Take the line that contains "(\<forall>i\<in>I. f (x_I_alpha" as the first line and the final line of the records as the last; return exactly those lines and the lines between.

==== Material for the task

lemma rel_interior_if_faces_invariant:
  assumes faces: "\<forall>I. f ` simplex_face I \<subseteq> simplex_face I"
    and x: "x \<in> std_simplex" and fx: "f x \<in> rel_interior std_simplex"
  shows "x \<in> rel_interior std_simplex"
proof -
  have "0 < x $ j" for j
  proof (rule ccontr)
    assume "\<not> 0 < x $ j"
    with x have "x \<in> simplex_face (UNIV - {j})"
      by (auto simp: mem_simplex_face_iff std_simplex_eq intro: order_antisym)
    then have "f x \<in> simplex_face (UNIV - {j})"
      using faces by blast
    then have "f x $ j = 0"
      by (simp add: mem_simplex_face_iff)
    moreover have "0 < f x $ j"
      using fx by (simp add: rel_interior_std_simplex_eq)
    ultimately show False
      by simp
  qed
  moreover have "(\<Sum>i\<in>UNIV. x $ i) = 1"
    using x by (simp add: std_simplex_eq)
  ultimately show ?thesis
    by (simp add: rel_interior_std_simplex_eq)
qed

theorem inj_on_preimage_rel_interior_std_simplex:
  fixes f :: "real^'n::finite \<Rightarrow> real^'n"
  assumes faces: "\<forall>I. f ` simplex_face I \<subseteq> simplex_face I"
    and moves: "\<forall>x\<in>rel_interior std_simplex. \<forall>I. I \<noteq> {} \<and> I \<noteq> UNIV \<longrightarrow>
               (\<forall>\<alpha>. (\<Sum>i\<in>I. x $ i) < \<alpha> \<and> \<alpha> \<le> 1 \<longrightarrow>
                  (\<forall>i\<in>I. f (x_I_alpha x I \<alpha>) $ i \<ge> f x $ i) \<and>
                  (\<exists>i\<in>I. f (x_I_alpha x I \<alpha>) $ i > f x $ i))"
  shows "inj_on f {x \<in> std_simplex. f x \<in> rel_interior std_simplex}"
proof (rule inj_onI, clarify)
  fix x y
  assume "x \<in> std_simplex" "f x \<in> rel_interior std_simplex"
    and "y \<in> std_simplex" "f y \<in> rel_interior std_simplex" and "f x = f y"
  then have x: "x \<in> rel_interior std_simplex" and y: "y \<in> rel_interior std_simplex"
    using rel_interior_if_faces_invariant[OF faces] by blast+
  have "(f \<circ> simplex_normalize) x = (f \<circ> simplex_normalize) y"
    using \<open>x \<in> std_simplex\<close> \<open>y \<in> std_simplex\<close> \<open>f x = f y\<close> by (simp add: simplex_normalize_id)
  moreover have "\<forall>i. 0 < x $ i" "\<forall>i. 0 < y $ i"
    using x y by (simp_all add: rel_interior_std_simplex_eq)
  moreover have "(f \<circ> simplex_normalize) (c *\<^sub>R u) = (f \<circ> simplex_normalize) u" if "0 < c" for c u
    using that by (simp add: simplex_normalize_scaleR)
  ultimately obtain c where "y = c *\<^sub>R x"
    using increasing_on_blocks_eq_imp_proportional[OF increasing_on_blocks_comp_simplex_normalize[OF moves]]
    by blast
  then have "(\<Sum>i\<in>UNIV. y $ i) = c * (\<Sum>i\<in>UNIV. x $ i)"
    by (simp add: sum_distrib_left)
  with x y have "c = 1"
    by (simp add: rel_interior_std_simplex_eq)
  with \<open>y = c *\<^sub>R x\<close> show "x = y"
    by simp
qed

========

Solved exercise
                  (\<forall>i\<in>I. f (x_I_alpha x I \<alpha>) $ i \<ge> f x $ i) \<and>
                  (\<exists>i\<in>I. f (x_I_alpha x I \<alpha>) $ i > f x $ i))"
  shows "inj_on f {x \<in> std_simplex. f x \<in> rel_interior std_simplex}"
proof (rule inj_onI, clarify)
  fix x y
  assume "x \<in> std_simplex" "f x \<in> rel_interior std_simplex"
    and "y \<in> std_simplex" "f y \<in> rel_interior std_simplex" and "f x = f y"
  then have x: "x \<in> rel_interior std_simplex" and y: "y \<in> rel_interior std_simplex"
    using rel_interior_if_faces_invariant[OF faces] by blast+
  have "(f \<circ> simplex_normalize) x = (f \<circ> simplex_normalize) y"
    using \<open>x \<in> std_simplex\<close> \<open>y \<in> std_simplex\<close> \<open>f x = f y\<close> by (simp add: simplex_normalize_id)
  moreover have "\<forall>i. 0 < x $ i" "\<forall>i. 0 < y $ i"
    using x y by (simp_all add: rel_interior_std_simplex_eq)
  moreover have "(f \<circ> simplex_normalize) (c *\<^sub>R u) = (f \<circ> simplex_normalize) u" if "0 < c" for c u
    using that by (simp add: simplex_normalize_scaleR)
  ultimately obtain c where "y = c *\<^sub>R x"
    using increasing_on_blocks_eq_imp_proportional[OF increasing_on_blocks_comp_simplex_normalize[OF moves]]
    by blast
  then have "(\<Sum>i\<in>UNIV. y $ i) = c * (\<Sum>i\<in>UNIV. x $ i)"
    by (simp add: sum_distrib_left)
  with x y have "c = 1"
    by (simp add: rel_interior_std_simplex_eq)
  with \<open>y = c *\<^sub>R x\<close> show "x = y"
    by simp
qed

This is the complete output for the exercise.